4.3 Reducing Race Conditions in Accumulation Operations
Accumulation operations, where multiple threads update the same memory location, can lead to race conditions. Let’s explore techniques to prevent these issues.
Understanding Race Conditions
A race condition occurs when multiple threads access and modify the same data concurrently, leading to unpredictable results. Consider this naive parallel implementation of tensor reduction:
/* Naive implementation with race condition */
tensor_elem_t tensor_sum_naive(const tensor_t *t) {
tensor_elem_t sum = 0.0;
#pragma omp parallel for collapse(2)
for (size_t i = 0; i < t->rows; i++) {
for (size_t j = 0; j < t->cols; j++) {
size_t idx = i * t->row_stride + j * t->col_stride;
sum += t->data[idx]; /* RACE CONDITION: multiple threads update sum */
}
}
return sum;
}
In this code, multiple threads try to update sum simultaneously, leading to lost updates.

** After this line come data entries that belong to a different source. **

lemma kalP_pos:
  assumes "0 < P0" "B \<noteq> 0" "D \<noteq> 0"
  shows "0 < kalP A B C D P0 n"
proof (induction n)
  case (Suc n)
  then have "0 \<le> A^2 * ((1 - gain C D (kalP A B C D P0 n) * C) * kalP A B C D P0 n)"
    using one_minus_gain_mult_bounds(1)[OF _ assms(3)] by simp
  then show ?case
    using assms(2) by (simp add: add_nonneg_pos)
qed (simp add: assms(1))

lemma kalP_Suc_kalPhat: "kalP A B C D P0 (Suc n) = A^2 * kalPhat A B C D P0 n + B^2"
  by (simp add: kalPhat_def)

lemma kalPhat_eq_analysis_var:
  "0 < P0 \<Longrightarrow> B \<noteq> 0 \<Longrightarrow> D \<noteq> 0 \<Longrightarrow> kalPhat A B C D P0 n = analysis_var C D (kalP A B C D P0 n)"
  unfolding kalPhat_def by (intro analysis_var_eq_gain less_imp_le[OF kalP_pos])

section \<open>Square-integrable random variables\<close>

definition square_integrable :: "'a measure \<Rightarrow> ('a \<Rightarrow> real) \<Rightarrow> bool" where
  "square_integrable M f \<longleftrightarrow> f \<in> borel_measurable M \<and> integrable M (\<lambda>x. (f x)^2)"

lemma integrable_square: "square_integrable M f \<Longrightarrow> integrable M (\<lambda>x. (f x)^2)"
  by (simp add: square_integrable_def)

lemma square_integrable_zero: "square_integrable M (\<lambda>_. 0)"
  by (simp add: square_integrable_def)

lemma square_integrable_add:
  assumes "square_integrable M f" "square_integrable M g"
  shows "square_integrable M (\<lambda>x. f x + g x)"
proof -
  have [measurable]: "f \<in> borel_measurable M" "g \<in> borel_measurable M"
    using assms by (auto simp: square_integrable_def)
  have bound: "(f x + g x)^2 \<le> 2 * (f x)^2 + 2 * (g x)^2" for x
    using zero_le_power2[of "f x - g x"] by (simp add: power2_eq_square algebra_simps)
  have "integrable M (\<lambda>x. 2 * (f x)^2 + 2 * (g x)^2)"
    using assms by (simp add: square_integrable_def)
  then have "integrable M (\<lambda>x. (f x + g x)^2)"
    by (rule Bochner_Integration.integrable_bound) (measurable, use bound in \<open>auto intro!: AE_I2\<close>)
  then show ?thesis
    by (simp add: square_integrable_def)
qed

lemma square_integrable_bounded_mult:
  assumes [measurable]: "h \<in> borel_measurable M"
    and bound: "\<And>x. x \<in> space M \<Longrightarrow> \<bar>h x\<bar> \<le> c" and f: "square_integrable M f"
  shows "square_integrable M (\<lambda>x. h x * f x)"
proof -
  have [measurable]: "f \<in> borel_measurable M"
    using f by (simp add: square_integrable_def)
  have bound2: "(h x * f x)^2 \<le> c^2 * (f x)^2" if "x \<in> space M" for x
  proof -
    have "(h x)^2 \<le> c^2"
      using power_mono[OF bound[OF that] abs_ge_zero, of 2] by simp
    then show ?thesis
      by (simp add: power_mult_distrib mult_right_mono)
  qed
  have "integrable M (\<lambda>x. c^2 * (f x)^2)"
    using f by (simp add: square_integrable_def)
  then have "integrable M (\<lambda>x. (h x * f x)^2)"
    by (rule Bochner_Integration.integrable_bound) (measurable, use bound2 in \<open>auto intro!: AE_I2\<close>)
  then show ?thesis
    by (simp add: square_integrable_def)
qed

lemma square_integrable_cmult: "square_integrable M f \<Longrightarrow> square_integrable M (\<lambda>x. c * f x)"
  by (rule square_integrable_bounded_mult[of "\<lambda>_. c" _ "\<bar>c\<bar>"]) auto

lemma square_integrable_diff:
  "square_integrable M f \<Longrightarrow> square_integrable M g \<Longrightarrow> square_integrable M (\<lambda>x. f x - g x)"
  using square_integrable_add[of M f "\<lambda>x. (-1) * g x"] square_integrable_cmult[of M g "-1"] by simp

lemma square_integrable_sum:
  "finite I \<Longrightarrow> (\<And>i. i \<in> I \<Longrightarrow> square_integrable M (f i))
    \<Longrightarrow> square_integrable M (\<lambda>x. \<Sum>i\<in>I. f i x)"
  by (induction I rule: finite_induct) (auto intro: square_integrable_zero square_integrable_add)

lemma integrable_mult_square_integrable:
  assumes "square_integrable M f" "square_integrable M g"
  shows "integrable M (\<lambda>x. f x * g x)"
proof -
  have [measurable]: "f \<in> borel_measurable M" "g \<in> borel_measurable M"
    using assms by (auto simp: square_integrable_def)
  have bound: "\<bar>f x * g x\<bar> \<le> (f x)^2 + (g x)^2" for x
  proof -
    have "2 * \<bar>f x * g x\<bar> \<le> (f x)^2 + (g x)^2"
      using sum_squares_bound[of "\<bar>f x\<bar>" "\<bar>g x\<bar>"] by (simp add: abs_mult)
    then show ?thesis
      by simp
  qed
  have "integrable M (\<lambda>x. (f x)^2 + (g x)^2)"
    using assms by (simp add: square_integrable_def)
  then show ?thesis
    by (rule Bochner_Integration.integrable_bound) (measurable, use bound in \<open>auto intro!: AE_I2\<close>)
qed

context finite_measure
begin

lemma square_integrable_const: "square_integrable M (\<lambda>_. c)"
  by (simp add: square_integrable_def)

lemma integrable_of_square_integrable: "square_integrable M f \<Longrightarrow> integrable M f"
  by (simp add: square_integrable_def square_integrable_imp_integrable)

end

lemma (in prob_space) square_integrable_normal:
  assumes "0 < \<sigma>" "distributed M lborel X (normal_density \<mu> \<sigma>)"
  shows "square_integrable M X"
proof -
  have "integrable lborel (\<lambda>x. normal_density \<mu> \<sigma> x * (x - \<mu>)^2)"
    using integrable_normal_moment[OF assms(1), of \<mu> 2] by simp
  then have "integrable M (\<lambda>x. (X x - \<mu>)^2)"
    using distributed_integrable[OF assms(2), of "\<lambda>x. (x - \<mu>)^2"] by simp
  moreover have "X \<in> borel_measurable M"
    using assms(2) by (metis distributed_measurable measurable_lborel1)
  ultimately have "square_integrable M (\<lambda>x. X x - \<mu>)"
    by (simp add: square_integrable_def)
  from square_integrable_add[OF this square_integrable_const[of \<mu>]] show ?thesis
    by simp
qed

lemma (in prob_space) prob_normal_interval_pos:
  assumes "0 < \<sigma>" "distributed M lborel Y (normal_density \<mu> \<sigma>)" "a < b"
  shows "0 < prob (Y -` {a<..<b} \<inter> space M)"
proof -
  let ?S = "{a<..<b}"
  have density_nonzero: "normal_density \<mu> \<sigma> x \<noteq> 0" for x
    using normal_density_pos[OF assms(1), of \<mu> x] by simp
  have "(\<integral>\<^sup>+x. ennreal (normal_density \<mu> \<sigma> x) * indicator ?S x \<partial>lborel) \<noteq> 0"
  proof
    assume "(\<integral>\<^sup>+x. ennreal (normal_density \<mu> \<sigma> x) * indicator ?S x \<partial>lborel) = 0"
    then have "AE x in lborel. ennreal (normal_density \<mu> \<sigma> x) * indicator ?S x = 0"
      by (subst (asm) nn_integral_0_iff_AE) auto
    then have "AE x in lborel. x \<notin> ?S"
      using density_nonzero by (auto elim!: eventually_mono split: split_indicator)
    then have "emeasure lborel ?S = 0"
      by (subst (asm) AE_iff_measurable[of ?S]) auto
    then show False
      using assms(3) by simp
  qed
  then have "emeasure M (Y -` ?S \<inter> space M) \<noteq> 0"
    using distributed_emeasure[OF assms(2), of ?S] by simp
  then show ?thesis
    by (simp add: emeasure_eq_measure zero_less_measure_iff)
qed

Using OpenMP Reduction Clause
The simplest solution is to use OpenMP’s reduction clause:
/* Add to tensor_ops.h */
tensor_elem_t tensor_sum(const tensor_t *t);
/* Add to tensor_ops.c */
tensor_elem_t tensor_sum(const tensor_t *t) {
tensor_elem_t sum = 0.0;
#pragma omp parallel for collapse(2) reduction(+:sum) if(t->rows * t->cols > 1000)
for (size_t i = 0; i < t->rows; i++) {
for (size_t j = 0; j < t->cols; j++) {
size_t idx = i * t->row_stride + j * t->col_stride;
sum += t->data[idx];
}
}
return sum;
}
The reduction(+:sum) clause tells OpenMP to create a private copy of sum for each thread, accumulate values into these private copies, and then combine them at the end.
Implementing Custom Reductions
For more complex reductions, we can implement our own thread-local accumulation:
/* Add to tensor_ops.h */
tensor_elem_t tensor_max(const tensor_t *t);
/* Add to tensor_ops.c */
tensor_elem_t tensor_max(const tensor_t *t) {
tensor_elem_t max_val = -INFINITY;
#pragma omp parallel if(t->rows * t->cols > 1000)
{
tensor_elem_t thread_max = -INFINITY;
#pragma omp for collapse(2) nowait
for (size_t i = 0; i < t->rows; i++) {
for (size_t j = 0; j < t->cols; j++) {
size_t idx = i * t->row_stride + j * t->col_stride;
if (t->data[idx] > thread_max) {
thread_max = t->data[idx];
}
}
}
/* Combine thread-local results */
#pragma omp critical
{
if (thread_max > max_val) {
max_val = thread_max;
}
}
}
return max_val;
}
In this implementation, each thread maintains its own thread_max variable, and we only use a critical section to combine the final results.
Atomic Operations
For simple updates, we can use atomic operations instead of critical sections:
/* Count non-zero elements */
size_t tensor_count_nonzero(const tensor_t *t) {
size_t count = 0;
#pragma omp parallel if(t->rows * t->cols > 1000)
{
size_t thread_count = 0;
#pragma omp for collapse(2) nowait
for (size_t i = 0; i < t->rows; i++) {
for (size_t j = 0; j < t->cols; j++) {
size_t idx = i * t->row_stride + j * t->col_stride;
if (t->data[idx] != 0.0) {
thread_count++;
}
}
}
/* Atomic update of the global count */
#pragma omp atomic
count += thread_count;
}
return count;
}
The #pragma omp atomic directive ensures that the update to count is performed atomically, preventing race conditions.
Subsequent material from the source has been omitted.